Tin Soldiers
by slyprentice
Summary: John didn't remember the day they first met.


**Title: **Tin Soldiers**  
Author:** Prentice  
**Rating**: Everyone  
**Fandom**: BBC Sherlock  
**Pairing**: None (pre-John/Sherlock)  
**Category**: Alternate Universe, Fluff, Friendship  
**Notes**: _I have absolutely zero knowledge of what London playgrounds are like or if they'd even have something like a sandbox on one so if you're a Londoner and say 'no, that's not right!' when you read this then...I think you're really missing the point. ;) _

* * *

John didn't remember the day they first met.

Sherlock did – of course he did, the man was infuriating in that way – but he knew it was on a playground somewhere in London. He'd been making a sand fort, or so he'd been informed, with tinny soldiers lined up in the haphazard way children think they should be and hadn't looked up when a shadow fell over him. Thin and waif-like it had blocked out the sun and told him, rather imperiously as far as John can tell, that his fort was 'abysmal' and that his soldiers were going to die before they even got out of the trenches.

'Structurally unsound' was the way Sherlock described it. As if roughly pushed up mounds of sand in a sandbox somewhere in London near the flat-share he and his mum and Harry had been living in since their father skipped out on them could be anything other than completely unstable. Even so, Sherlock had, apparently, not cared in the slightest and settled into the grit with him, pushing and patting the list rise of sand into something with more shape.

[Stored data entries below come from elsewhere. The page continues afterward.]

theorem sc_ogm_convergence:
  fixes f :: "'a::real_inner \<Rightarrow> real"
    and \<mu> L :: real
  assumes grad: "\<And>z. (f has_derivative (\<lambda>h. grad z \<bullet> h)) (at z)"
    and sc: "strongly_convex \<mu> f"
    and lip: "\<And>u v. norm (grad u - grad v) \<le> L * norm (u - v)"
    and mu_pos: "0 < \<mu>" and mu_L: "\<mu> < L"
    and xs_min: "\<And>z. f xs \<le> f z"
    and x_0: "x 0 = x0" and y_0: "y 0 = x0"
    and y_step: "\<And>k. y (Suc k) = x k - (1 / L) *\<^sub>R grad (x k)"
    and x_step: "\<And>k. x (Suc k) = y (Suc k)
        + (1 / (2 * ((sqrt (8 * (L / \<mu>) + 1) + 3) / (2 * (L / \<mu>) - 2)) + 1)) *\<^sub>R (y (Suc k) - y k)
        + (1 / (2 * ((sqrt (8 * (L / \<mu>) + 1) + 3) / (2 * (L / \<mu>) - 2)) + 1)) *\<^sub>R (y (Suc k) - x k)"
  shows "(\<forall>k\<ge>1. f (y k) - f xs \<le>
           (1 + (sqrt (8 * (L / \<mu>) + 1) + 3) / (2 * (L / \<mu>) - 2)) powr (- real k + 1)
             * ((\<mu> + 2 * L) / 2) * (norm (x0 - xs))\<^sup>2)
       \<and> (\<lambda>k::nat. (1 + (sqrt (8 * (L / \<mu>) + 1) + 3) / (2 * (L / \<mu>) - 2)) powr (- real k + 1)
             * ((\<mu> + 2 * L) / 2) * (norm (x0 - xs))\<^sup>2)
           \<in> O(\<lambda>k. exp (- sqrt 2 * real k / sqrt (L / \<mu>)))"
proof -
  define \<kappa> \<gamma> where "\<kappa> = L / \<mu>" and "\<gamma> = (sqrt (8 * \<kappa> + 1) + 3) / (2 * \<kappa> - 2)"
  have "1 < \<kappa>"
    using mu_pos mu_L by (simp add: \<kappa>_def)
  moreover have "(2 * \<kappa> - 2) * \<gamma> = sqrt (8 * \<kappa> + 1) + 3"
    using \<open>1 < \<kappa>\<close> by (simp add: \<gamma>_def)
  ultimately have \<gamma>: "0 < \<gamma>" and root: "\<kappa> * \<gamma>\<^sup>2 = (1 + \<gamma>) * (2 + \<gamma>)"
    by (rule sc_ogm_gamma_root)+
  have \<mu>: "\<mu> * ((1 + \<gamma>) * (2 + \<gamma>)) = L * \<gamma>\<^sup>2"
    using root mu_pos by (simp add: \<kappa>_def field_simps)
  have "y 0 = x 0"
    by (simp add: x_0 y_0)
  moreover have "\<And>k. x (Suc k) = y (Suc k) + (1 / (2 * \<gamma> + 1)) *\<^sub>R (y (Suc k) - y k)
      + (1 / (2 * \<gamma> + 1)) *\<^sub>R (y (Suc k) - x k)"
    unfolding \<gamma>_def \<kappa>_def by (rule x_step)
  ultimately have "\<forall>k\<ge>1. f (y k) - f xs
      \<le> (1 + \<gamma>) powr (- real k + 1) * ((\<mu> + 2 * L) / 2) * (norm (x0 - xs))\<^sup>2"
    using sc_ogm_convergence_rate[where x = x and y = y, OF grad sc lip mu_pos mu_L xs_min \<gamma> \<mu> _ y_step]
      x_0 by auto
  moreover have "(\<lambda>k::nat. (1 + \<gamma>) powr (- real k + 1) * ((\<mu> + 2 * L) / 2) * (norm (x0 - xs))\<^sup>2)
      \<in> O(\<lambda>k. exp (- sqrt 2 * real k / sqrt \<kappa>))"
  proof -
    have "(\<lambda>k::nat. (1 + \<gamma>) powr (- real k + 1) * ((\<mu> + 2 * L) / 2 * (norm (x0 - xs))\<^sup>2))
        \<in> O(\<lambda>k. exp (- (sqrt 2 / sqrt \<kappa>) * real k))"
      using \<gamma> sc_ogm_rate_exponent[OF \<gamma> root] by (intro powr_bigo_exp) auto
    moreover have "(\<lambda>k::nat. (1 + \<gamma>) powr (- real k + 1) * ((\<mu> + 2 * L) / 2 * (norm (x0 - xs))\<^sup>2))
        = (\<lambda>k. (1 + \<gamma>) powr (- real k + 1) * ((\<mu> + 2 * L) / 2) * (norm (x0 - xs))\<^sup>2)"
      and "(\<lambda>k::nat. exp (- (sqrt 2 / sqrt \<kappa>) * real k)) = (\<lambda>k. exp (- sqrt 2 * real k / sqrt \<kappa>))"
      by (simp_all add: mult.assoc)
    \<comment> \<open>Rewriting only: simp on the Landau statement itself would invoke its conditional
      cancellation rules.\<close>
    ultimately show ?thesis
      by (simp only:)
  qed
  ultimately show ?thesis
    unfolding \<gamma>_def \<kappa>_def by (rule conjI)
qed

"Not to fear, Watson! We'll make it better," Sherlock had said, smug satisfaction mixing with fond reassurance when John had, quite rightly, looked up at him curiously, wondering how this boy, this little slip of a thing, had known his name. "Once we shore up the battlements and arrange the soldiers properly, everything will be better. You'll see."

And it had been. John's sure of it, even if he can't remember it. Not clearly, anyway.

Not like he could remember Sherlock's birthday party, which he'd been bullied into going to by his mum who had, somehow, gotten the idea into her head that he and Sherlock were mates. Best mates, even. Even in spite of their age difference.

Which, really, wasn't that considerable but it had felt like it at the time. John _wasn't_ a baby, thank you very much; not like Sherlock was. Or should have been, if he'd have acted his age once in a while, but hadn't, ever, not once.

Anyhow, though, John could remember it. Sherlock's birthday party. That first one he went to.

Tucked up into his most comfortable jumper – the oatmeal colored one that his Nan had brought him on _his_ last birthday – he'd brought a present he'd picked out all by himself. Not tinny soldiers like he would have wanted but a chemist set that the younger boy had used to catch the drapery on fire in his bedroom; the flash-bang of the explosion spectacular and something that John wasn't entirely sure wasn't done just to impress him. Which it rather had, truth be told. He hadn't realized those miniature chemist sets were the real thing – he would have gotten one for himself if he'd known.

It'd been Mycroft who'd put out the flames from the explosion, smothering them with both of Sherlock's favorite pillows, and it had only occurred to John then, with the room smelling of smoke and smoldering fabric, that there weren't any other children at the party.

Was it a party if he was the only one invited? _Had_ he been the only one invited? John didn't know, even now, but he hadn't minded at the time. Still didn't mind, really.

Having all of Sherlock Holmes' undivided attention was an entirely too heady experience, no matter what their respective ages were. It's enough of one that John could remember basking in even way back then, though he hadn't been entirely sure why he had. He'd just done it – unquestioningly, happily – and when it'd finally been time to go he could remember feeling strangely adrift, like someone had cut off a part of him he hadn't realized he'd needed until just then.

Maybe Sherlock, who'd stared after John with dark eyes that were far too serious for a boy his age, and who'd made John's stomach ache and his skin feel hot. Like he'd wanted to cry but couldn't because big boys didn't do that sort of thing. Even if they wanted to.

"Don't you worry, Johnny," his mum had said on the car ride home, indulgent and charmed by his reluctance to leave his friend's side. "You'll see him again soon. I'm sure of it."

But John hadn't, at least not soon enough, and took to wearing his jumper – which, for a time, had smelled faintly of smoke and Sherlock – to bed every night. A pair of tinny soldiers tucked securely beneath his pillow. Not that he'd ever tell Sherlock that.

Even if, sometimes, the other man had a look in his eyes that reminded John of the little boy who'd blocked out all his sunlight and built him a better fort in the middle of a London playground.